# What is expected
State how many lines in the records below include the word "indexed". Give nothing but that number.

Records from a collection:
--------------------------------
definition Pall :: "'v set set \<Rightarrow> ('v set \<Rightarrow> 'b::real_normed_vector) \<Rightarrow> ('v set \<Rightarrow> 'b)" where
  "Pall E \<Phi> = (\<lambda>e. (1 / real (card E)) *\<^sub>R (\<Sum>e'\<in>E. \<Phi> e'))"

definition Awalk :: "'v set \<Rightarrow> 'v set set \<Rightarrow> ('v \<Rightarrow> 'b::real_normed_vector) \<Rightarrow> ('v \<Rightarrow> 'b)" where
  "Awalk V E \<phi> = (\<lambda>v. (1 / deg E v) *\<^sub>R (\<Sum>u\<in>{u\<in>V. {u, v} \<in> E}. \<phi> u))"

definition Msides :: "'v set set \<Rightarrow> 'v set \<Rightarrow> 'v set \<Rightarrow> ('v \<Rightarrow> 'b::real_normed_vector) \<Rightarrow> ('v \<Rightarrow> 'b)" where
  "Msides E S1 S2 \<phi> = (\<lambda>u.
     if u \<in> S1 then (1 / side_weight E S1) *\<^sub>R (\<Sum>w\<in>S1. deg E w *\<^sub>R \<phi> w)
     else if u \<in> S2 then (1 / side_weight E S2) *\<^sub>R (\<Sum>w\<in>S2. deg E w *\<^sub>R \<phi> w)
     else 0)"

definition lambda_bip :: "'b::real_normed_vector itself \<Rightarrow> 'v set \<Rightarrow> 'v set set \<Rightarrow> 'v set \<Rightarrow> 'v set \<Rightarrow> real" where
  "lambda_bip _ V E S1 S2 =
     wl2opnorm V (deg E) (\<lambda>\<phi>::'v \<Rightarrow> 'b. Awalk V E (\<lambda>v. \<phi> v - Msides E S1 S2 \<phi> v))"

end

theory Submission
  imports Defs
begin
(* Let $\lambda,\mu,\nu$ be partitions of the same integer with $\ell(\lambda)\le 4$, $\ell(\mu),\ell(\nu)\le 2$, and $\mu_2\ge\nu_2$. If (1) $\lambda_3+\lambda_4\le\nu_2\le\lambda_2+\lambda_4$, and (2) $(\lambda_3+\lambda_4)+(\lambda_2+\lambda_4)\le\mu_2+\nu_2\le(\lambda_3+\lambda_4)+\min(\lambda_2+\lambda_3,\lambda_1+\lambda_4)$, then $g_{\mu,\nu,\lambda}=\tilde g_{\mu,\nu,\lambda}$. In particular, when $\lambda_2+\lambda_3\le\lambda_1+\lambda_4$, the chain of inequalities $$\lambda_4\le\mu_2+\nu_2-(\lambda_2+\lambda_3+\lambda_4)\le\lambda_3\le\nu_2-\lambda_4\le\lambda_2$$ is sufficient for $g_{\mu,\nu,\lambda}=\tilde g_{\mu,\nu,\lambda}$.
   Context: Partitions are padded with zero parts. The Kronecker coefficient $g_{\mu,\nu,\lambda}$ (for $\ell(\mu),\ell(\nu)\le2$, $\ell(\lambda)\le4$, same weight) is defined by $s_\lambda(x_1y_1,x_1y_2,x_2y_1,x_2y_2)=\sum_{\mu,\nu}g_{\mu,\nu,\lambda}\,s_\mu(x_1,x_2)s_\nu(y_1,y_2)$, with $s$ the Schur polynomials. For integers $n,m$, $p_S(n,m)$ is the number of $(x_1,\dots,x_4)\in\mathbb{Z}_{\ge0}^4$ with $x_1+x_3+x_4=n$, $x_2+x_3+2x_4=m$ (zero if $n<0$ or $m<0$). The atomic Kronecker coefficient is $\tilde g_{\mu,\nu,\lambda}:=p_S(\nu_2-\lambda_3-\lambda_4,\ \mu_2+\nu_2-\lambda_2-\lambda_3-2\lambda_4)$; equivalently, it is the coefficient of $x^{\mu_2-\lambda_2-\lambda_4}y^{\nu_2-\lambda_3-\lambda_4}$ in the Laurent expansion of $1/((1-y/x)(1-xy)(1-x)(1-y))$ in the domain $0<|xy|<|y|<|x|<1$. *)

theory Defs
  imports Main
begin

text \<open>Partitions are nat lists (padded with zero parts). Young diagram cells are
  pairs (row, column), both indexed from 0.\<close>

definition cells :: "nat list \<Rightarrow> (nat \<times> nat) set" where
  "cells sh = {(i, j). i < length sh \<and> j < sh ! i}"

text \<open>Semistandard Young tableaux of shape sh with entries in {0..<n}
  (entry k stands for variable z_(k+1)); extended by 0 outside the diagram.\<close>

definition ssyt :: "nat list \<Rightarrow> nat \<Rightarrow> ((nat \<times> nat) \<Rightarrow> nat) set" where
  "ssyt sh n = {T. (\<forall>c. c \<notin> cells sh \<longrightarrow> T c = 0)
      \<and> (\<forall>c \<in> cells sh. T c < n)
      \<and> (\<forall>i j. (i, Suc j) \<in> cells sh \<longrightarrow> T (i, j) \<le> T (i, Suc j))
      \<and> (\<forall>i j. (Suc i, j) \<in> cells sh \<longrightarrow> T (i, j) < T (Suc i, j))}"

text \<open>Coefficient of the monomial z_1^(a!0) ... z_n^(a!(n-1)) (n = length a) in the
  Schur polynomial s_sh(z_1,...,z_n) = sum over SSYT T of z^(content T).\<close>

definition schur_coeff :: "nat list \<Rightarrow> nat list \<Rightarrow> nat" where
  "schur_coeff sh a = card {T \<in> ssyt sh (length a).
      \<forall>k < length a. card {c \<in> cells sh. T c = k} = a ! k}"

text \<open>Coefficient of x1^p x2^q y1^r y2^s in s_lam(x1y1, x1y2, x2y1, x2y2).\<close>

definition kron_lhs :: "nat list \<Rightarrow> nat \<Rightarrow> nat \<Rightarrow> nat \<Rightarrow> nat \<Rightarrow> int" where
  "kron_lhs lam p q r s =
     (\<Sum>(a0, a1, a2, a3) \<in> {(a0, a1, a2, a3) \<in> {..p} \<times> {..p} \<times> {..q} \<times> {..q}.
          a0 + a1 = p \<and> a2 + a3 = q \<and> a0 + a2 = r \<and> a1 + a3 = s}.
        int (schur_coeff lam [a0, a1, a2, a3]))"

text \<open>Coefficient of x1^p x2^q y1^r y2^s in
  sum over mu, nu (length \<le> 2, weight w) of G mu_2 nu_2 * s_mu(x1,x2) s_nu(y1,y2);
  the partitions of weight w with at most 2 parts are (w - i, i) with 2 i \<le> w.\<close>

definition kron_rhs :: "nat \<Rightarrow> (nat \<Rightarrow> nat \<Rightarrow> int) \<Rightarrow> nat \<Rightarrow> nat \<Rightarrow> nat \<Rightarrow> nat \<Rightarrow> int" where
  "kron_rhs w G p q r s =
     (\<Sum>i \<in> {i. 2 * i \<le> w}. \<Sum>j \<in> {j. 2 * j \<le> w}.
        G i j * int (schur_coeff [w - i, i] [p, q]) * int (schur_coeff [w - j, j] [r, s]))"

text \<open>The family of Kronecker coefficients g_{(w-i,i),(w-j,j),lam}, indexed by (i, j),
  defined as the (unique) coefficients of the expansion.\<close>

definition kron_family :: "nat list \<Rightarrow> nat \<Rightarrow> nat \<Rightarrow> int" where
  "kron_family lam = (THE G. (\<forall>i j. \<not> (2 * i \<le> sum_list lam \<and> 2 * j \<le> sum_list lam) \<longrightarrow> G i j = 0)
      \<and> (\<forall>p q r s. kron_lhs lam p q r s = kron_rhs (sum_list lam) G p q r s))"

definition kron :: "nat list \<Rightarrow> nat list \<Rightarrow> nat list \<Rightarrow> int" where
  "kron mu nu lam = kron_family lam (mu ! 1) (nu ! 1)"

definition pS :: "int \<Rightarrow> int \<Rightarrow> nat" where
  "pS n m = (if n < 0 \<or> m < 0 then 0 else
     card {(x1 :: nat, x2 :: nat, x3 :: nat, x4 :: nat).
        int x1 + int x3 + int x4 = n \<and> int x2 + int x3 + 2 * int x4 = m})"

definition atomic_kron :: "nat list \<Rightarrow> nat list \<Rightarrow> nat list \<Rightarrow> int" where
  "atomic_kron mu nu lam = int (pS (int (nu ! 1) - int (lam ! 2) - int (lam ! 3))
      (int (mu ! 1) + int (nu ! 1) - int (lam ! 1) - int (lam ! 2) - 2 * int (lam ! 3)))"

end

theory Submission
  imports Defs
begin

text \<open>The coefficient of \<open>x1^p x2^q y1^r y2^s\<close> in \<open>s_\<lambda>(x1 y1, x1 y2, x2 y1, x2 y2)\<close> counts
  Gelfand--Tsetlin patterns with top row \<open>\<lambda>\<close> of bidegree \<open>(p, q, r, s)\<close>. The Bender--Knuth
  involutions make this count symmetric in \<open>p, q\<close> and in \<open>r, s\<close>, so it is a function
  \<open>F(min p q, min r s)\<close>. Since \<open>s_(w-i,i)(x1, x2)\<close> contains \<open>x1^p x2^q\<close> (once) exactly when
  \<open>i \<le> min p q\<close>, \<open>F\<close> is the rectangle sum of the Kronecker coefficients, which are therefore the
  mixed second differences of \<open>F\<close>. Grouping patterns by their second row \<open>(a, b, c)\<close>, each
  fibre is an interval; in the region of the theorem its length near \<open>(\<mu>2, \<nu>2)\<close> is a truncated
  linear function whose mixed difference is the indicator of \<open>a + b + 2 c = \<mu>2 + \<nu>2\<close>,
  \<open>b + c \<le> \<nu>2\<close>. Counting these \<open>(a, b, c)\<close> gives \<open>p_S\<close>.\<close>

lemma finite_down_closed_eq_lessThan:
  fixes A :: "nat set"
  assumes fin: "finite A" and down: "\<And>x y. x \<in> A \<Longrightarrow> y \<le> x \<Longrightarrow> y \<in> A"
  shows "A = {..<card A}"
proof -
  have "A \<subseteq> {..<card A}"
  proof
    fix x assume "x \<in> A"
    then have "{..x} \<subseteq> A" using down by auto
    then have "card {..x} \<le> card A" by (rule card_mono[OF fin])
    then show "x \<in> {..<card A}" by simp
  qed
  then show ?thesis by (rule card_subset_eq[OF finite_lessThan]) simp
qed
(* Let $M=\langle W,W^\bot,\preceq,R,V\rangle$ be a $\mathsf{CK}$-model, $w\in W$, and $\varphi$ a well-named $\mu$-sentence. Then (1) $\mathsf I$ has a winning strategy for $\mathcal G(M,w\models\varphi)$ if and only if $M,w\models\varphi$; and (2) $\mathsf{II}$ has a winning strategy for $\mathcal G(M,w\models\varphi)$ if and only if $M,w\not\models\varphi$.
   Context: Syntax. Fix disjoint sets $\mathrm{Prop}$ (propositions) and $\mathrm{Var}$ (propositional variables). $\mu$-formulas are given by $\varphi::=P\mid X\mid\bot\mid\varphi\land\varphi\mid\varphi\lor\varphi\mid\varphi\to\varphi\mid\Box\varphi\mid\Diamond\varphi\mid\mu X.\varphi\mid\nu X.\varphi$ with $P\in\mathrm{Prop}$, $X\in\mathrm{Var}$, where $\mu X.\varphi$ and $\nu X.\varphi$ may only be formed when $X$ is positive in $\varphi$. Positivity/negativity is defined inductively: $X$ is both positive and negative in $P$, in $\bot$, and in any variable $Y\neq X$; $X$ is positive in $X$; if $X$ is positive (resp. negative) in $\varphi$ and $\psi$, then it is positive (resp. negative) in $\varphi\land\psi$, $\varphi\lor\psi$, $\Box\varphi$, $\Diamond\varphi$; if $X$ is negative (resp. positive) in $\varphi$ and positive (resp. negative) in $\psi$, then $X$ is positive (resp. negative) in $\varphi\to\psi$; $X$ is both positive and negative in $\mu X.\varphi$ and $\nu X.\varphi$. $\eta$ ranges over $\{\mu,\nu\}$. A sentence has no free variables. $\mathrm{Sub}(\varphi)$ is the set of subformulas. $\varphi$ is guarded if for every subformula $\eta X.\psi$, every occurrence of $X$ in $\psi$ is in the scope of $\Box$ or $\Diamond$; well-bounded if each variable occurring bound in $\varphi$ is bound by exactly one fixed-point operator $\eta X$ in $\varphi$; well-named if guarded and well-bounded. For well-named $\varphi$ and a subformula $\eta X.\psi$, write $\psi_X:=\psi$. Models. A $\mathsf{CK}$-model is $M=\langle W,W^\bot,\preceq,R,V\rangle$ with $W\neq\emptyset$, $W^\bot\subseteq W$ (fallible worlds), $\preceq$ a reflexive transitive relation on $W$, $R$ a binary relation on $W$, and $V:\mathrm{Prop}\to\mathcal P(W)$, such that: $w\preceq v$ and $w\in V(P)$ imply $v\in V(P)$; $W^\bot\subseteq V(P)$ for all $P$; and $W^\bot$ is closed under $\preceq$ and $R$. $M[X\mapsto A]$ denotes $M$ with $V(X):=A$. Semantics. $w\preceq;R\,u$ means there is $v$ with $w\preceq v$ and $vRu$. $\|P\|=V(P)$; $\|\bot\|=W^\bot$; $\|\varphi\land\psi\|=\|\varphi\|\cap\|\psi\|$; $\|\varphi\lor\psi\|=\|\varphi\|\cup\|\psi\|$; $\|\varphi\to\psi\|=\{w\mid\forall v\,(w\preceq v\wedge v\in\|\varphi\|\Rightarrow v\in\|\psi\|)\}$; $\|\Box\varphi\|=\{w\mid\forall u\,(w\preceq;R\,u\Rightarrow u\in\|\varphi\|)\}$; $\|\Diamond\varphi\|=\{w\mid\forall v\,(w\preceq v\Rightarrow\exists u\,(vRu\wedge u\in\|\varphi\|))\}$; $\|\mu X.\varphi\|$, $\|\nu X.\varphi\|$ are the least and greatest fixed points of $A\mapsto\|\varphi\|^{M[X\mapsto A]}$. $M,w\models\varphi$ means $w\in\|\varphi\|^M$. Evaluation game $\mathcal G(M,w\models\varphi)$. Two players $\mathsf I,\mathsf{II}$ hold the two roles Verifier ($\mathsf V$) and Refuter ($\mathsf R$), always different; $\bar{\mathsf Q}$ is the role dual to $\mathsf Q$. Positions are $\langle v,\psi,\mathsf Q\rangle$ with $v\in W$, $\psi\in\mathrm{Sub}(\varphi)$, plus auxiliary positions $\langle v,\hat\Diamond\psi,\mathsf Q\rangle$ for $\Diamond\psi\in\mathrm{Sub}(\varphi)$ and $\langle v,\psi?\theta,\mathsf Q\rangle$ for $\psi\to\theta\in\mathrm{Sub}(\varphi)$; $\mathsf Q$ is the current role of $\mathsf I$ ($\mathsf{II}$ has $\bar{\mathsf Q}$). Initial position $\langle w,\varphi,\mathsf V\rangle$. Each position is owned by the player holding the indicated role, who picks the next position from the listed set: Owned by the Verifier role: $\langle v,P,\mathsf Q\rangle$ with $v\notin V(P)$: no moves; $\langle v,\bot,\mathsf Q\rangle$ with $v\notin W^\bot$: no moves; $\langle v,\psi\lor\theta,\mathsf Q\rangle\to\{\langle v,\psi,\mathsf Q\rangle,\langle v,\theta,\mathsf Q\rangle\}$; $\langle v,\psi?\theta,\mathsf Q\rangle\to\{\langle v,\psi,\bar{\mathsf Q}\rangle,\langle v,\theta,\mathsf Q\rangle\}$; $\langle v,\hat\Diamond\psi,\mathsf Q\rangle\to\{\langle u,\psi,\mathsf Q\rangle\mid vRu\}$; $\langle v,\mu X.\psi_X,\mathsf Q\rangle\to\{\langle v,\psi_X,\mathsf Q\rangle\}$; $\langle v,X,\mathsf Q\rangle\to\{\langle v,\mu X.\psi_X,\mathsf Q\rangle\}$ when $X$ is bound by $\mu$. Owned by the Refuter role: $\langle v,P,\mathsf Q\rangle$ with $v\in V(P)$: no moves; $\langle v,\bot,\mathsf Q\rangle$ with $v\in W^\bot$: no moves; $\langle v,\psi\land\theta,\mathsf Q\rangle\to\{\langle v,\psi,\mathsf Q\rangle,\langle v,\theta,\mathsf Q\rangle\}$; $\langle v,\psi\to\theta,\mathsf Q\rangle\to\{\langle u,\psi?\theta,\mathsf Q\rangle\mid v\preceq u\}$; $\langle v,\Box\psi,\mathsf Q\rangle\to\{\langle u,\psi,\mathsf Q\rangle\mid v\preceq;R\,u\}$; $\langle v,\Diamond\psi,\mathsf Q\rangle\to\{\langle u,\hat\Diamond\psi,\mathsf Q\rangle\mid v\preceq u\}$; $\langle v,\nu X.\psi_X,\mathsf Q\rangle\to\{\langle v,\psi_X,\mathsf Q\rangle\}$; $\langle v,X,\mathsf Q\rangle\to\{\langle v,\nu X.\psi_X,\mathsf Q\rangle\}$ when $X$ is bound by $\nu$. A run is a maximal (finite or infinite) sequence of positions starting at the initial position, each obtained by a legal move. The move from $\langle v,X,\mathsf Q\rangle$ to $\langle v,\eta X.\psi_X,\mathsf Q\rangle$ regenerates $\eta X.\psi_X$. A fixed-point subformula $\eta X.\psi_X$ is owned by $\mathsf I$ if some position $\langle v,\eta X.\psi_X,\mathsf Q\rangle$ is reachable and either ($\mathsf Q=\mathsf V$ and $\eta=\nu$) or ($\mathsf Q=\mathsf R$ and $\eta=\mu$); otherwise it is owned by $\mathsf{II}$. Winning: in a finite run, the owner of the last position (who has no move) loses. In an infinite run, let $\eta X.\psi_X$ be the outermost fixed-point formula regenerated infinitely often (every other infinitely often regenerated fixed-point formula is a subformula of it); $\mathsf I$ wins iff $\mathsf I$ owns $\eta X.\psi_X$, otherwise $\mathsf{II}$ wins. A (positional) strategy for a player maps each position owned by that player having at least one move to one of its legal moves; it is winning if the player wins every run in which they follow it. *)

theory Defs
  imports Main
begin

datatype ('p, 'v) fm =
    Prop 'p
  | Var 'v
  | Bot
  | And "('p, 'v) fm" "('p, 'v) fm"
  | Or "('p, 'v) fm" "('p, 'v) fm"
  | Imp "('p, 'v) fm" "('p, 'v) fm"
  | Box "('p, 'v) fm"
  | Dia "('p, 'v) fm"
  | Mu 'v "('p, 'v) fm"
  | Nu 'v "('p, 'v) fm"

text \<open>polar X True phi: X is positive in phi; polar X False phi: X is negative in phi.\<close>
fun polar :: "'v \<Rightarrow> bool \<Rightarrow> ('p, 'v) fm \<Rightarrow> bool" where
  "polar X b (Prop P) = True"
| "polar X b Bot = True"
| "polar X b (Var Y) = (if Y = X then b else True)"
| "polar X b (And f g) = (polar X b f \<and> polar X b g)"
| "polar X b (Or f g) = (polar X b f \<and> polar X b g)"
| "polar X b (Imp f g) = (polar X (\<not> b) f \<and> polar X b g)"
| "polar X b (Box f) = polar X b f"
| "polar X b (Dia f) = polar X b f"
| "polar X b (Mu Y f) = (if Y = X then True else polar X b f)"
| "polar X b (Nu Y f) = (if Y = X then True else polar X b f)"

abbreviation positive :: "'v \<Rightarrow> ('p, 'v) fm \<Rightarrow> bool" where
  "positive X f \<equiv> polar X True f"

fun mu_formula :: "('p, 'v) fm \<Rightarrow> bool" where
  "mu_formula (Prop P) = True"
| "mu_formula Bot = True"
| "mu_formula (Var Y) = True"
| "mu_formula (And f g) = (mu_formula f \<and> mu_formula g)"
| "mu_formula (Or f g) = (mu_formula f \<and> mu_formula g)"
| "mu_formula (Imp f g) = (mu_formula f \<and> mu_formula g)"
| "mu_formula (Box f) = mu_formula f"
| "mu_formula (Dia f) = mu_formula f"
| "mu_formula (Mu X f) = (positive X f \<and> mu_formula f)"
| "mu_formula (Nu X f) = (positive X f \<and> mu_formula f)"

fun free_vars :: "('p, 'v) fm \<Rightarrow> 'v set" where
  "free_vars (Prop P) = {}"
| "free_vars Bot = {}"
| "free_vars (Var Y) = {Y}"
| "free_vars (And f g) = free_vars f \<union> free_vars g"
| "free_vars (Or f g) = free_vars f \<union> free_vars g"
| "free_vars (Imp f g) = free_vars f \<union> free_vars g"
| "free_vars (Box f) = free_vars f"
| "free_vars (Dia f) = free_vars f"
| "free_vars (Mu X f) = free_vars f - {X}"
| "free_vars (Nu X f) = free_vars f - {X}"

definition sentence :: "('p, 'v) fm \<Rightarrow> bool" where
  "sentence f \<longleftrightarrow> free_vars f = {}"

fun Sub :: "('p, 'v) fm \<Rightarrow> ('p, 'v) fm set" where
  "Sub (Prop P) = {Prop P}"
| "Sub Bot = {Bot}"
| "Sub (Var Y) = {Var Y}"
| "Sub (And f g) = insert (And f g) (Sub f \<union> Sub g)"
| "Sub (Or f g) = insert (Or f g) (Sub f \<union> Sub g)"
| "Sub (Imp f g) = insert (Imp f g) (Sub f \<union> Sub g)"
| "Sub (Box f) = insert (Box f) (Sub f)"
| "Sub (Dia f) = insert (Dia f) (Sub f)"
| "Sub (Mu X f) = insert (Mu X f) (Sub f)"
| "Sub (Nu X f) = insert (Nu X f) (Sub f)"

fun guarded_in :: "'v \<Rightarrow> ('p, 'v) fm \<Rightarrow> bool" where
  "guarded_in X (Prop P) = True"
| "guarded_in X Bot = True"
| "guarded_in X (Var Y) = (Y \<noteq> X)"
| "guarded_in X (And f g) = (guarded_in X f \<and> guarded_in X g)"
| "guarded_in X (Or f g) = (guarded_in X f \<and> guarded_in X g)"
| "guarded_in X (Imp f g) = (guarded_in X f \<and> guarded_in X g)"
| "guarded_in X (Box f) = True"
| "guarded_in X (Dia f) = True"
| "guarded_in X (Mu Y f) = guarded_in X f"
| "guarded_in X (Nu Y f) = guarded_in X f"

definition guarded :: "('p, 'v) fm \<Rightarrow> bool" where
  "guarded f \<longleftrightarrow> (\<forall>X g. (Mu X g \<in> Sub f \<or> Nu X g \<in> Sub f) \<longrightarrow> guarded_in X g)"

fun occurs :: "'v \<Rightarrow> ('p, 'v) fm \<Rightarrow> bool" where
  "occurs X (Prop P) = False"
| "occurs X Bot = False"
| "occurs X (Var Y) = (Y = X)"
| "occurs X (And f g) = (occurs X f \<or> occurs X g)"
| "occurs X (Or f g) = (occurs X f \<or> occurs X g)"
| "occurs X (Imp f g) = (occurs X f \<or> occurs X g)"
| "occurs X (Box f) = occurs X f"
| "occurs X (Dia f) = occurs X f"
| "occurs X (Mu Y f) = occurs X f"
| "occurs X (Nu Y f) = occurs X f"

fun occurs_bound :: "'v \<Rightarrow> ('p, 'v) fm \<Rightarrow> bool" where
  "occurs_bound X (Prop P) = False"
| "occurs_bound X Bot = False"
| "occurs_bound X (Var Y) = False"
| "occurs_bound X (And f g) = (occurs_bound X f \<or> occurs_bound X g)"
| "occurs_bound X (Or f g) = (occurs_bound X f \<or> occurs_bound X g)"
| "occurs_bound X (Imp f g) = (occurs_bound X f \<or> occurs_bound X g)"
| "occurs_bound X (Box f) = occurs_bound X f"
| "occurs_bound X (Dia f) = occurs_bound X f"
| "occurs_bound X (Mu Y f) = ((Y = X \<and> occurs X f) \<or> occurs_bound X f)"
| "occurs_bound X (Nu Y f) = ((Y = X \<and> occurs X f) \<or> occurs_bound X f)"

fun binder_count :: "'v \<Rightarrow> ('p, 'v) fm \<Rightarrow> nat" where
  "binder_count X (Prop P) = 0"
| "binder_count X Bot = 0"
| "binder_count X (Var Y) = 0"
| "binder_count X (And f g) = binder_count X f + binder_count X g"
| "binder_count X (Or f g) = binder_count X f + binder_count X g"
| "binder_count X (Imp f g) = binder_count X f + binder_count X g"
| "binder_count X (Box f) = binder_count X f"
| "binder_count X (Dia f) = binder_count X f"
| "binder_count X (Mu Y f) = (if Y = X then 1 else 0) + binder_count X f"
| "binder_count X (Nu Y f) = (if Y = X then 1 else 0) + binder_count X f"

definition well_bounded :: "('p, 'v) fm \<Rightarrow> bool" where
  "well_bounded f \<longleftrightarrow> (\<forall>X. occurs_bound X f \<longrightarrow> binder_count X f = 1)"

definition well_named :: "('p, 'v) fm \<Rightarrow> bool" where
  "well_named f \<longleftrightarrow> guarded f \<and> well_bounded f"

record ('w, 'p) ck_struct =
  mW :: "'w set"
  mWb :: "'w set"
  mLe :: "('w \<times> 'w) set"
  mR :: "('w \<times> 'w) set"
  mV :: "'p \<Rightarrow> 'w set"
--------------------------------
# Your response
2